#### WORK REQUIRED
What lines in the records below hold the string "cases"? Please show them.

++++++++++

lemma ell_geod_Cons:
  fixes V :: "'a::finite set"
  assumes T: "is_tree V adj" and aV: "a \<in> V" and lV: "l \<in> V" and ab: "adj a b"
    and g: "geod adj a l = a # geod adj b l"
  shows "edge_weight V adj d b a * ell V adj d a l = other_weights V adj d a b * ell V adj d b l"
proof -
  let ?P = "set (geod adj b l)"
  have Pa: "is_path adj (a # geod adj b l) a l"
    using geod_is_path[OF T aV lV] g by simp
  have "is_path adj (geod adj b l) b l"
    using geod_is_path[OF T _ lV] tree_adj_in_V[OF T ab] by simp
  then have hd: "hd (geod adj b l) = b" and "b \<in> ?P"
    by (metis is_path_def, metis hd_in_set is_path_def)
  have "w = b" if "w \<in> ?P" "adj a w" for w
    using path_nbr_eq_hd[OF T lV Pa that] hd by simp
  then have "{w \<in> ?P. adj a w} = {b}"
    using \<open>b \<in> ?P\<close> ab by blast
  moreover have "a \<notin> ?P"
    using Pa by (simp add: is_path_def)
  ultimately show ?thesis
    using boundary_weight_insert[OF T _ \<open>b \<in> ?P\<close>] g by (simp add: ell_eq_boundary_weight)
qed

lemma ell_edge:
  fixes V :: "'a::finite set"
  assumes T: "is_tree V adj" and uv: "adj u v"
  shows "ell V adj d u v = other_weights V adj d u v * other_weights V adj d v u"
proof -
  have "u \<noteq> v"
    using uv tree_adj_irrefl[OF T] by auto
  moreover have "{x. adj u x \<and> x \<noteq> u \<and> x \<noteq> v} = {x. adj u x \<and> x \<noteq> v}"
    and "{x. adj v x \<and> x \<noteq> u \<and> x \<noteq> v} = {x. adj v x \<and> x \<noteq> u}"
    using tree_adj_irrefl[OF T] by auto
  moreover have "{w \<in> {u, v}. is_node V adj w}
      = (if is_node V adj u then {u} else {}) \<union> (if is_node V adj v then {v} else {})"
    by auto
  ultimately show ?thesis
    by (simp add: ell_eq_boundary_weight geod_edge[OF T uv] boundary_weight_def other_weights_def
        prod.union_disjoint)
qed

lemma ell_pos:
  "(\<And>w x. is_node V adj w \<Longrightarrow> adj w x \<Longrightarrow> 0 < d w x) \<Longrightarrow> 0 < ell V adj d u l"
  unfolding ell_def by (intro prod_pos) auto

lemma other_weights_pos:
  "(\<And>w x. is_node V adj w \<Longrightarrow> adj w x \<Longrightarrow> 0 < d w x) \<Longrightarrow> 0 < other_weights V adj d u v"
  unfolding other_weights_def by (auto intro!: prod_pos)

definition own_branch_coeff :: "'a set \<Rightarrow> ('a \<Rightarrow> 'a \<Rightarrow> bool) \<Rightarrow> ('a \<Rightarrow> 'a \<Rightarrow> nat) \<Rightarrow> 'a \<Rightarrow> 'a \<Rightarrow> real" where
  "own_branch_coeff V adj d v u = real (edge_weight V adj d u v) / real (other_weights V adj d v u)"

definition other_branch_coeff :: "'a set \<Rightarrow> ('a \<Rightarrow> 'a \<Rightarrow> bool) \<Rightarrow> ('a \<Rightarrow> 'a \<Rightarrow> nat) \<Rightarrow> 'a \<Rightarrow> 'a \<Rightarrow> real" where
  "other_branch_coeff V adj d v u =
     (if is_leaf V adj u then 0 else real (other_weights V adj d u v) / real (d v u))"

lemma splice_diagram_weight_pos:
  "splice_diagram V adj d \<Longrightarrow> is_node V adj w \<Longrightarrow> adj w x \<Longrightarrow> 0 < d w x"
  unfolding splice_diagram_def by blast

lemma leaf_ne_node: "is_leaf V adj l \<Longrightarrow> is_node V adj v \<Longrightarrow> l \<in> V \<and> l \<noteq> v"
  unfolding is_leaf_def is_node_def by auto

lemma wvec_own_branch:
  fixes V :: "'a::finite set"
  assumes S: "splice_diagram V adj d" and v: "is_node V adj v"
    and l: "is_leaf V adj l" and u: "first_step adj v l = u"
  shows "wvec V adj d u $ l = own_branch_coeff V adj d v u * real (ell V adj d v l)"
proof -
  have T: "is_tree V adj" and vV: "v \<in> V" and lV: "l \<in> V" and "l \<noteq> v"
    using S v leaf_ne_node[OF l v] by (auto simp: splice_diagram_def is_node_def)
  have vu: "adj v u" and g: "geod adj v l = v # geod adj u l"
    using geod_first_step[OF T vV lV \<open>l \<noteq> v\<close>] u by auto
  have pos: "0 < other_weights V adj d v u"
    by (rule other_weights_pos[of V adj d, OF splice_diagram_weight_pos[OF S]])
  show ?thesis
  proof (cases "is_leaf V adj u")
    case True
    then have "l = u" "\<not> is_node V adj u"
      using first_step_leaf[OF T vV lV \<open>l \<noteq> v\<close> _ u] by (auto simp: is_leaf_def is_node_def)
    moreover have "ell V adj d v u = other_weights V adj d v u"
      using ell_edge[OF T vu, of d] \<open>\<not> is_node V adj u\<close> by (simp add: other_weights_def)
    ultimately show ?thesis
      using l pos by (simp add: wvec_def own_branch_coeff_def edge_weight_def)
  next
    case False
    have "edge_weight V adj d u v * ell V adj d v l = other_weights V adj d v u * ell V adj d u l"
      by (rule ell_geod_Cons[OF T vV lV vu g])
    then have "real (edge_weight V adj d u v) * real (ell V adj d v l)
        = real (other_weights V adj d v u) * real (ell V adj d u l)"
      by (metis of_nat_mult)
    then show ?thesis
      using False l pos by (simp add: wvec_def own_branch_coeff_def field_simps)
  qed
qed

lemma wvec_other_branch:
  fixes V :: "'a::finite set"
  assumes S: "splice_diagram V adj d" and v: "is_node V adj v" and vu: "adj v u"
    and l: "is_leaf V adj l" and u: "first_step adj v l \<noteq> u"
  shows "wvec V adj d u $ l = other_branch_coeff V adj d v u * real (ell V adj d v l)"
proof -
  have T: "is_tree V adj" and vV: "v \<in> V" and lV: "l \<in> V" and "l \<noteq> v"
    using S v leaf_ne_node[OF l v] by (auto simp: splice_diagram_def is_node_def)
  have uv: "adj u v" and uV: "u \<in> V"
    using tree_adj_sym[OF T vu] tree_adj_in_V[OF T vu] by auto
  show ?thesis
  proof (cases "is_leaf V adj u")
    case True
    have "l \<noteq> u"
      using u first_step_nbr[OF T vu] by auto
    with True l show ?thesis
      by (simp add: wvec_def other_branch_coeff_def)
  next
    case False
    then have "is_node V adj u"
      using uV by (simp add: is_leaf_def is_node_def)
    have "edge_weight V adj d v u * ell V adj d u l = other_weights V adj d u v * ell V adj d v l"
      using ell_geod_Cons[OF T uV lV uv] geod_away_from_first_step[OF T vV lV \<open>l \<noteq> v\<close> vu u]
      by blast
    then have "real (d v u) * real (ell V adj d u l) = real (other_weights V adj d u v) * real (ell V adj d v l)"
      using v by (metis edge_weight_def of_nat_mult)
    moreover have "0 < d v u"
      by (rule splice_diagram_weight_pos[OF S v vu])
    ultimately show ?thesis
      using False l by (simp add: wvec_def other_branch_coeff_def field_simps)
  qed
qed

lemma wvec_nbr_component:
  fixes V :: "'a::finite set"
  assumes S: "splice_diagram V adj d" and v: "is_node V adj v" and vu: "adj v u"
  shows "wvec V adj d u $ l = (if is_leaf V adj l then
    (if first_step adj v l = u then own_branch_coeff V adj d v u else other_branch_coeff V adj d v u)
      * real (ell V adj d v l) else 0)"
proof (cases "is_leaf V adj l")
  case True
  then show ?thesis
    using wvec_own_branch[OF S v True] wvec_other_branch[OF S v vu True]
    by (cases "first_step adj v l = u") simp_all
qed (simp add: wvec_def)

lemma other_branch_coeff_nonneg: "0 \<le> other_branch_coeff V adj d v u"
  by (simp add: other_branch_coeff_def)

++++++++++

#### PROBLEM SOLUTION
  proof (cases "is_leaf V adj u")
  proof (cases "is_leaf V adj u")
proof (cases "is_leaf V adj l")
    by (cases "first_step adj v l = u") simp_all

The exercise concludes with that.